Introduction of a new synthetic route about 2-(Difluoromethyl)-1H-benzo[d]imidazole

According to the analysis of related databases, 705-09-9, the application of this compound in the production field has become more and more popular.

In the chemical reaction process, reaction time, type of solvent, can easily affect the result of the reaction, thereby determining the yield and properties of the reaction product. An updated downstream synthesis route of 705-09-9 as follows.
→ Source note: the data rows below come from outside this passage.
(* Under the setting of the context (with $\lambda>0$, $\delta>0$), let $(x_t)_{t\ge0}$ be generated by RGD with step sizes chosen either by line minimization or by Armijo backtracking. Then: (i) every accumulation point $x_*$ of $(x_t)$ is a stationary point, i.e. $\operatorname{grad} f(x_* )=0$; (ii) there is a constant $\bar C>0$ such that for every $\epsilon>0$, there is an index $t\le \lceil (f(x_0)-f_{\inf})/(\bar C\epsilon^2)\rceil$ with $\|\operatorname{grad} f(x_t)\|_{x_t}\le\epsilon$, where $f_{\inf}=\inf_{\mathcal{M}}f$.
   Context: Fix integers $k\ge 2$, $R\ge 1$, $m_1,\dots,m_k\ge1$. Let $\mathcal{M}=\mathbb{R}^{m_1\times R}\times\cdots\times\mathbb{R}^{m_k\times R}$, with points $U=(U^{(1)},\dots,U^{(k)})$; its tangent space at every point is $\mathcal{M}$ itself. For $U\in\mathcal{M}$, let $[\![U^{(1)},\dots,U^{(k)}]\!]:=\sum_{r=1}^R U^{(1)}_{:,r}\circ\cdots\circ U^{(k)}_{:,r}\in\mathbb{R}^{m_1\times\cdots\times m_k}$ (sum of outer products of corresponding columns). Let $\mathcal{T}^\star\in\mathbb{R}^{m_1\times\cdots\times m_k}$, let $\Omega\subseteq [m_1]\times\cdots\times[m_k]$ be nonempty, $p=|\Omega|/(m_1\cdots m_k)$, and $P_\Omega$ the operator keeping entries indexed by $\Omega$ and zeroing the others. Let $\lambda>0$ and $$f(U)=\frac{1}{2p}\|P_\Omega([\![U^{(1)},\dots,U^{(k)}]\!]-\mathcal{T}^\star)\|_F^2+\frac{\lambda}{2}\sum_{i=1}^k\|U^{(i)}\|_F^2.$$ For $i=1,\dots,k$, let $K_i(U)=U^{(k)}\odot\cdots\odot U^{(i+1)}\odot U^{(i-1)}\odot\cdots\odot U^{(1)}$ (Khatri–Rao product, i.e. columnwise Kronecker product), and for fixed $\delta>0$ let $H_i(U)=K_i(U)^TK_i(U)+\delta I_R$. The Riemannian metric on $\mathcal{M}$ is $g_U(\xi,\eta)=\sum_{i=1}^k\operatorname{tr}(\xi^{(i)}H_i(U)(\eta^{(i)})^T)$, with norm $\|\xi\|_U=\sqrt{g_U(\xi,\xi)}$. The Riemannian gradient is $\operatorname{grad} f(U)=(\partial_{U^{(1)}}f(U)H_1(U)^{-1},\dots,\partial_{U^{(k)}}f(U)H_k(U)^{-1})$, where $\partial_{U^{(i)}}f$ is the ordinary partial (Euclidean) gradient. RGD: given $x_0\in\mathcal{M}$, set $\eta_t=-\operatorname{grad} f(x_t)$ and $x_{t+1}=x_t+s_t\eta_t$. Step-size rules: (line minimization) $s_t\in\arg\min_{s>0} f(x_t+s\eta_t)$; (Armijo backtracking) with fixed $\sigma,\beta\in(0,1)$ and $s_{\min}>0$, a trial step $s_t^0>0$ is set ($s_t^0=1$ for $t\le1$, and $s_t^0=2(f(x_{t-1})-f(x_{t-2}))/g_{x_{t-1}}(\eta_{t-1},\operatorname{grad} f(x_{t-1}))$ for $t\ge2$), and $s_t=\max(s_t^0\beta^\ell,s_{\min})$ where $\ell\ge0$ is the smallest integer (assumed to exist) such that $f(x_t)-f(x_t+s_t\eta_t)\ge\sigma s_t\, g_{x_t}(-\operatorname{grad} f(x_t),\eta_t)$. *)

theory Defs
  imports "HOL-Analysis.Analysis"
begin
(* Let $n>2k$, $k\ge t+3$, and let $\mathcal F\subseteq\binom{[n]}{k}$ be a maximal $t$-intersecting family with $\tau_t(\mathcal F)=t+2$ and $\tau_t(\mathcal T_t(\mathcal F))=t+1$. Suppose there exist $U_0\in\mathcal U_t(\mathcal F)$ and $F_0\in\mathcal F$ with $|U_0\cap F_0|=t-1$ such that $\mathcal T_t(\mathcal F)\not\subseteq\binom{U_0\cup F_0}{t+2}$. Then $$|\mathcal T_t(\mathcal F)|<\max\left\{(k-t)(k-t+1)+1,\ (t+2)(k-t)+1,\ \binom{t+4}{2}\right\}.$$
   Context: A family is $t$-intersecting if any two members meet in at least $t$ elements. A $t$-cover of a family $\mathcal G$ of subsets of $[n]$ is a set $S\subseteq[n]$ with $|S\cap G|\ge t$ for all $G\in\mathcal G$; $\tau_t(\mathcal G)$ is the minimum size of a $t$-cover, and $\mathcal T_t(\mathcal G)$ is the set of all $t$-covers of $\mathcal G$ of size $\tau_t(\mathcal G)$. $\mathcal U_t(\mathcal F)=\mathcal T_t(\mathcal T_t(\mathcal F))$ is the family of all minimum-size $t$-covers of $\mathcal T_t(\mathcal F)$. A $t$-intersecting $\mathcal F\subseteq\binom{[n]}{k}$ is maximal if no $t$-intersecting subfamily of $\binom{[n]}{k}$ properly contains it. *)

theory Defs
  imports Main
begin

definition k_subsets :: "nat set \<Rightarrow> nat \<Rightarrow> nat set set" where
  "k_subsets X k = {A. A \<subseteq> X \<and> card A = k}"

definition t_intersecting :: "nat \<Rightarrow> nat set set \<Rightarrow> bool" where
  "t_intersecting t F \<longleftrightarrow> (\<forall>A\<in>F. \<forall>B\<in>F. t \<le> card (A \<inter> B))"

definition is_tcover :: "nat \<Rightarrow> nat \<Rightarrow> nat set set \<Rightarrow> nat set \<Rightarrow> bool" where
  "is_tcover n t G S \<longleftrightarrow> S \<subseteq> {1..n} \<and> (\<forall>A\<in>G. t \<le> card (S \<inter> A))"
theorem lemma8p2:
  fixes m n :: nat and u :: "vert \<Rightarrow> int"
  assumes "1 \<le> m" and "1 \<le> n" and "is_config m n u"
  shows "\<exists>f. rank_proof m n u f \<and> support m n f \<subseteq> B ` {1..n}
             \<and> (\<forall>i\<in>{1..m}. f (A i) = 0)"
proof -
  obtain f where "rank_proof m n u f"
    using rank_proof_exists[OF assms(2)] by blast
  then obtain g where "nonneg m n g" "\<not> effective m n (\<lambda>v. u v - g v)"
      "degree m n g = rank m n u + 1" and A_free: "\<forall>i\<in>{1..m}. g (A i) = 0"
    using not_effective_shift_to_B[OF assms(1,2)] unfolding rank_proof_def by metis
  then have "rank_proof m n u g" by (simp add: rank_proof_def)
  moreover have "support m n g \<subseteq> B ` {1..n}"
    using A_free by (auto simp: support_def verts_def)
  ultimately show ?thesis using A_free by blast
qed

end
text \<open>Quantising \<open>g\<close> in steps of \<open>1/m\<close>: off the displacement set of its level sets, \<open>g \<circ> R\<close>
  and \<open>g\<close> fall in the same step.\<close>
lemma bounded_function_displacement_bound:
  fixes g :: "'a \<Rightarrow> real"
  assumes g: "g \<in> borel_measurable M" and C: "\<And>x. \<bar>g x\<bar> \<le> C" and m: "m > 0"
  obtains BB where "finite BB" "BB \<subseteq> sets M"
    "\<And>R x. x \<in> space M \<Longrightarrow> \<bar>g (R x) - g x\<bar> \<le> 1 / m + 2 * C * indicator (displacement M R BB) x"
proof
  define N where "N = \<lceil>m * C\<rceil> + 1"
  define B where "B i = {x\<in>space M. of_int i \<le> m * g x \<and> m * g x < of_int i + 1}" for i :: int
  show "finite (B ` {-N..N})" by simp
  show "B ` {-N..N} \<subseteq> sets M" using g by (auto simp: B_def)
  fix R x assume x: "x \<in> space M"
  show "\<bar>g (R x) - g x\<bar> \<le> 1 / m + 2 * C * indicator (displacement M R (B ` {-N..N})) x"
  proof (cases "x \<in> displacement M R (B ` {-N..N})")
    case True
    have "\<bar>g (R x) - g x\<bar> \<le> 0 + 2 * C * 1" using C[of x] C[of "R x"] by (simp add: abs_le_iff)
    also have "\<dots> \<le> 1 / m + 2 * C * indicator (displacement M R (B ` {-N..N})) x"
      using True m by simp
    finally show ?thesis .
  next
    case False
    define i where "i = \<lfloor>m * g x\<rfloor>"
    have i: "of_int i \<le> m * g x" "m * g x < of_int i + 1" unfolding i_def by linarith+
    have "\<bar>m * g x\<bar> \<le> m * C" using C[of x] m by (simp add: abs_mult)
    then have "- (m * C) \<le> m * g x" "m * g x \<le> m * C" by (auto simp: abs_le_iff)
    then have "- of_int \<lceil>m * C\<rceil> - 1 \<le> (of_int i :: real)" "(of_int i :: real) \<le> of_int \<lceil>m * C\<rceil> + 1"
      using i le_of_int_ceiling[of "m * C"] by linarith+
    then have "i \<in> {-N..N}" by (simp add: N_def)
    moreover have "x \<in> B i" using x i by (auto simp: B_def)
    ultimately have "R x \<in> B i" using False x unfolding displacement_def by blast
    then have "\<bar>m * g (R x) - m * g x\<bar> < 1" using i by (auto simp: B_def)
    then have "m * \<bar>g (R x) - g x\<bar> < 1" using m by (simp add: right_diff_distrib[symmetric] abs_mult)
    then show ?thesis using False m by (simp add: field_simps)
  qed
qed

lemma integral_comp_diff_bound:
  fixes f g :: "'a \<Rightarrow> real"
  assumes f: "integrable M f" and g: "g \<in> borel_measurable M" and C: "\<And>x. \<bar>g x\<bar> \<le> C"
    and R: "R \<in> M \<rightarrow>\<^sub>M M" and Z: "Z \<in> sets M"
    and bound: "\<And>x. x \<in> space M \<Longrightarrow> \<bar>g (R x) - g x\<bar> \<le> a + b * indicator Z x"
  shows "\<bar>(LINT x|M. f x * g (R x)) - (LINT x|M. f x * g x)\<bar>
    \<le> a * (LINT x|M. \<bar>f x\<bar>) + b * (LINT x|M. indicator Z x * \<bar>f x\<bar>)"
proof -
  have [measurable]: "f \<in> borel_measurable M" "Z \<in> sets M" using f Z by auto
  have "C \<ge> 0" using C by (meson abs_ge_zero order_trans)
  then have gC: "norm (f x * g y) \<le> norm (C * f x)" for x y
    using mult_left_mono[OF C[of y], of "\<bar>f x\<bar>"] by (simp add: abs_mult mult.commute)
  have i1: "integrable M (\<lambda>x. f x * g (R x))" and i2: "integrable M (\<lambda>x. f x * g x)"
    by (rule Bochner_Integration.integrable_bound[where f="\<lambda>x. C * f x"], use f g R gC in auto)+
  have iZ: "integrable M (\<lambda>x. indicator Z x * \<bar>f x\<bar>)"
    by (rule Bochner_Integration.integrable_bound[OF integrable_abs[OF f]])
       (use Z in \<open>auto simp: indicator_def\<close>)
  have "\<bar>(LINT x|M. f x * g (R x)) - (LINT x|M. f x * g x)\<bar> = \<bar>LINT x|M. f x * (g (R x) - g x)\<bar>"
    using i1 i2 by (simp add: right_diff_distrib)
  also have "\<dots> \<le> (LINT x|M. \<bar>f x * (g (R x) - g x)\<bar>)"
    by (rule integral_abs_bound)
  also have "\<dots> \<le> (LINT x|M. a * \<bar>f x\<bar> + b * (indicator Z x * \<bar>f x\<bar>))"
  proof (rule integral_mono)
    fix x assume "x \<in> space M"
    then have "\<bar>f x\<bar> * \<bar>g (R x) - g x\<bar> \<le> \<bar>f x\<bar> * (a + b * indicator Z x)"
      using bound by (intro mult_left_mono) auto
    also have "\<dots> = a * \<bar>f x\<bar> + b * (indicator Z x * \<bar>f x\<bar>)" by (simp add: algebra_simps)
    finally show "\<bar>f x * (g (R x) - g x)\<bar> \<le> a * \<bar>f x\<bar> + b * (indicator Z x * \<bar>f x\<bar>)"
      by (simp only: abs_mult)
  qed (use i1 i2 f iZ in \<open>auto simp: right_diff_distrib\<close>)
  also have "\<dots> = a * (LINT x|M. \<bar>f x\<bar>) + b * (LINT x|M. indicator Z x * \<bar>f x\<bar>)"
    using f iZ by simp
  finally show ?thesis .
qed

lemma (in finite_measure) integral_comp_near_id:
  fixes f h :: "'a \<Rightarrow> real"
  assumes f: "integrable M f" and h: "h \<in> Linfty M" and e: "e > 0"
  obtains BB d where "finite BB" "BB \<subseteq> sets M" "d > 0"
    "\<And>R. R \<in> nonsing_aut M \<Longrightarrow> measure M (displacement M R BB) < d \<Longrightarrow>
       \<bar>(LINT x|M. f x * h (R x)) - (LINT x|M. f x * h x)\<bar> < e"
proof -
  obtain g C where g: "g \<in> borel_measurable M" and C: "C \<ge> 0" "\<And>x. \<bar>g x\<bar> \<le> C"
    and hg: "AE x in M. h x = g x"
    using Linfty_bounded_representative[OF h] by metis
  define nf where "nf = (LINT x|M. \<bar>f x\<bar>)"
  have nf: "nf \<ge> 0" unfolding nf_def by auto
  define m where "m = 2 * (nf + 1) / e"
  have m: "m > 0" and nfm: "1 / m * nf < e / 2"
    using e nf by (auto simp: m_def field_simps)
  obtain BB where BB: "finite BB" "BB \<subseteq> sets M" and
    step: "\<And>R x. x \<in> space M \<Longrightarrow> \<bar>g (R x) - g x\<bar> \<le> 1 / m + 2 * C * indicator (displacement M R BB) x"
    using bounded_function_displacement_bound[OF g C(2) m] by metis
  obtain d where d: "d > 0" and small: "\<And>Z. Z \<in> sets M \<Longrightarrow> measure M Z < d \<Longrightarrow>
      (LINT x|M. indicator Z x * \<bar>f x\<bar>) < e / (2 * (2 * C + 1))"
    using integral_indicator_abs_small[OF f, of "e / (2 * (2 * C + 1))"] e C by auto
  show thesis
  proof (rule that[OF BB d])
    fix R assume R: "R \<in> nonsing_aut M" and mR: "measure M (displacement M R BB) < d"
    let ?Z = "displacement M R BB"
    have Rm: "R \<in> M \<rightarrow>\<^sub>M M" using nonsing_autD(2)[OF R] .
    have [measurable]: "f \<in> borel_measurable M" "h \<in> borel_measurable M" "g \<in> borel_measurable M"
      "R \<in> M \<rightarrow>\<^sub>M M"
      using f h g Rm by (auto simp: Linfty_def)
    have "AE x in M. f x * h (R x) = f x * g (R x)"
      using AE_nonsing_aut_comp[OF R hg] by eventually_elim simp
    then have "(LINT x|M. f x * h (R x)) = (LINT x|M. f x * g (R x))"
      by (rule integral_cong_AE[rotated 2]) measurable
    moreover have "AE x in M. f x * h x = f x * g x"
      using hg by eventually_elim simp
    then have "(LINT x|M. f x * h x) = (LINT x|M. f x * g x)"
      by (rule integral_cong_AE[rotated 2]) measurable
    moreover have "2 * C * (LINT x|M. indicator ?Z x * \<bar>f x\<bar>) \<le> 2 * C * (e / (2 * (2 * C + 1)))"
      using small[OF sets_displacement[OF Rm BB] mR] C by (intro mult_left_mono) auto
    moreover have "2 * C * (e / (2 * (2 * C + 1))) < e / 2"
      using C e by (simp add: field_simps)
    ultimately show "\<bar>(LINT x|M. f x * h (R x)) - (LINT x|M. f x * h x)\<bar> < e"
      using integral_comp_diff_bound[OF f g C(2) Rm sets_displacement[OF Rm BB] step] nfm
      unfolding nf_def by linarith
  qed
qed

lemma (in finite_measure) very_weak_nhds_id:
  assumes U: "openin (very_weak_topology M) U" and id: "id \<in> U"
  obtains BB d where "finite BB" "BB \<subseteq> sets M" "d > 0"
    "\<And>R. R \<in> nonsing_aut M \<Longrightarrow> measure M (displacement M R BB) < d \<Longrightarrow> R \<in> U"
proof -
  obtain J e where J: "finite J" "J \<subseteq> wot_pairs M" and e: "e > 0" and JU:
    "\<And>R. R \<in> nonsing_aut M \<Longrightarrow> (\<forall>p\<in>J. \<bar>wot_functional M R p - wot_functional M id p\<bar> < e) \<Longrightarrow> R \<in> U"
    using openin_very_weak_topologyE[OF U id] by metis
  have "\<forall>p\<in>J. \<exists>BB d. finite BB \<and> BB \<subseteq> sets M \<and> d > 0 \<and> (\<forall>R\<in>nonsing_aut M.
      measure M (displacement M R BB) < d \<longrightarrow> \<bar>wot_functional M R p - wot_functional M id p\<bar> < e)"
  proof
    fix p assume "p \<in> J"
    then obtain f h where p: "p = (f, h)" and fh: "(f, h) \<in> wot_pairs M" using J by (cases p) auto
    then have "integrable M f" "h \<in> Linfty M" by (auto simp: wot_pairs_def)
    then obtain BB d where "finite BB" "BB \<subseteq> sets M" "d > 0" and near: "\<And>R. R \<in> nonsing_aut M \<Longrightarrow>
        measure M (displacement M R BB) < d \<Longrightarrow> \<bar>(LINT x|M. f x * h (R x)) - (LINT x|M. f x * h x)\<bar> < e"
      using integral_comp_near_id[OF _ _ e] by blast
    then show "\<exists>BB d. finite BB \<and> BB \<subseteq> sets M \<and> d > 0 \<and>
      (\<forall>R\<in>nonsing_aut M. measure M (displacement M R BB) < d \<longrightarrow>
         \<bar>wot_functional M R p - wot_functional M id p\<bar> < e)"
      using wot_functional_eq[OF _ fh] wot_functional_eq[OF id_in_nonsing_aut fh] unfolding p by auto
  qed
  then obtain BBp dp where BBp: "\<And>p. p \<in> J \<Longrightarrow> finite (BBp p) \<and> BBp p \<subseteq> sets M \<and> dp p > 0 \<and>
      (\<forall>R\<in>nonsing_aut M. measure M (displacement M R (BBp p)) < dp p \<longrightarrow>
         \<bar>wot_functional M R p - wot_functional M id p\<bar> < e)"
    by metis
  define BB where "BB = (\<Union>p\<in>J. BBp p)"
  define d where "d = Min (insert 1 (dp ` J))"
  have BB: "finite BB" "BB \<subseteq> sets M" unfolding BB_def using BBp J by auto
  show thesis
  proof (rule that[OF BB])
    show "d > 0" unfolding d_def using J BBp by (auto simp: Min_gr_iff)
    fix R assume R: "R \<in> nonsing_aut M" and mR: "measure M (displacement M R BB) < d"
    have "\<bar>wot_functional M R p - wot_functional M id p\<bar> < e" if p: "p \<in> J" for p
    proof -
      have "displacement M R (BBp p) \<subseteq> displacement M R BB"
        unfolding BB_def using p by (intro displacement_mono) auto
      then have "measure M (displacement M R (BBp p)) \<le> measure M (displacement M R BB)"
        using sets_displacement[OF nonsing_autD(2)[OF R] BB] by (intro finite_measure_mono)
      also have "\<dots> < dp p"
        using mR Min_le[of "insert 1 (dp ` J)" "dp p"] p J unfolding d_def by simp
      finally show ?thesis using BBp[OF p] R by blast
    qed
    then show "R \<in> U" using JU[OF R] by blast
  qed
qed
Application In Synthesis of 2-(Difluoromethyl)-1H-benzo[d]imidazole

A mixture of 2-difluoromethyl-lH-benzimidazole (2.22 g), 2,4-dichloro- 6-morpholinopyrimidine (2.81 g), potassium carbonate (6.63 g) and DMF (50 ml) was stirred under nitrogen and heated to 90C for 16 hours. The resultant mixture was cooled, filtered and the filtrate was evaporated. The resultant product was purified by column chromatography on silica using increasingly polar mixtures of ethyl acetate in methylene chloride as eluent. The solid so obtained was washed with a 1:1 mixture of isohexane and diethyl ether. There was thus obtained 4-chloro-2-(2-difluoromethylbenzimidazol- 1 -yl)-6-morpholinopyrimidine (3.17 g); NMR Spectrum: (DMSOd6) 3.75 (s, 8H), 7.09 (s, IH), 7.45-7.47 (m, IH), 7.50-7.54 (m, IH), 7.57-7.83 (t, IH), 7.87 (d, IH), 8.31 (d, IH); Mass Spectrum: M+H+ 366.

According to the analysis of related databases, 705-09-9, the application of this compound in the production field has become more and more popular.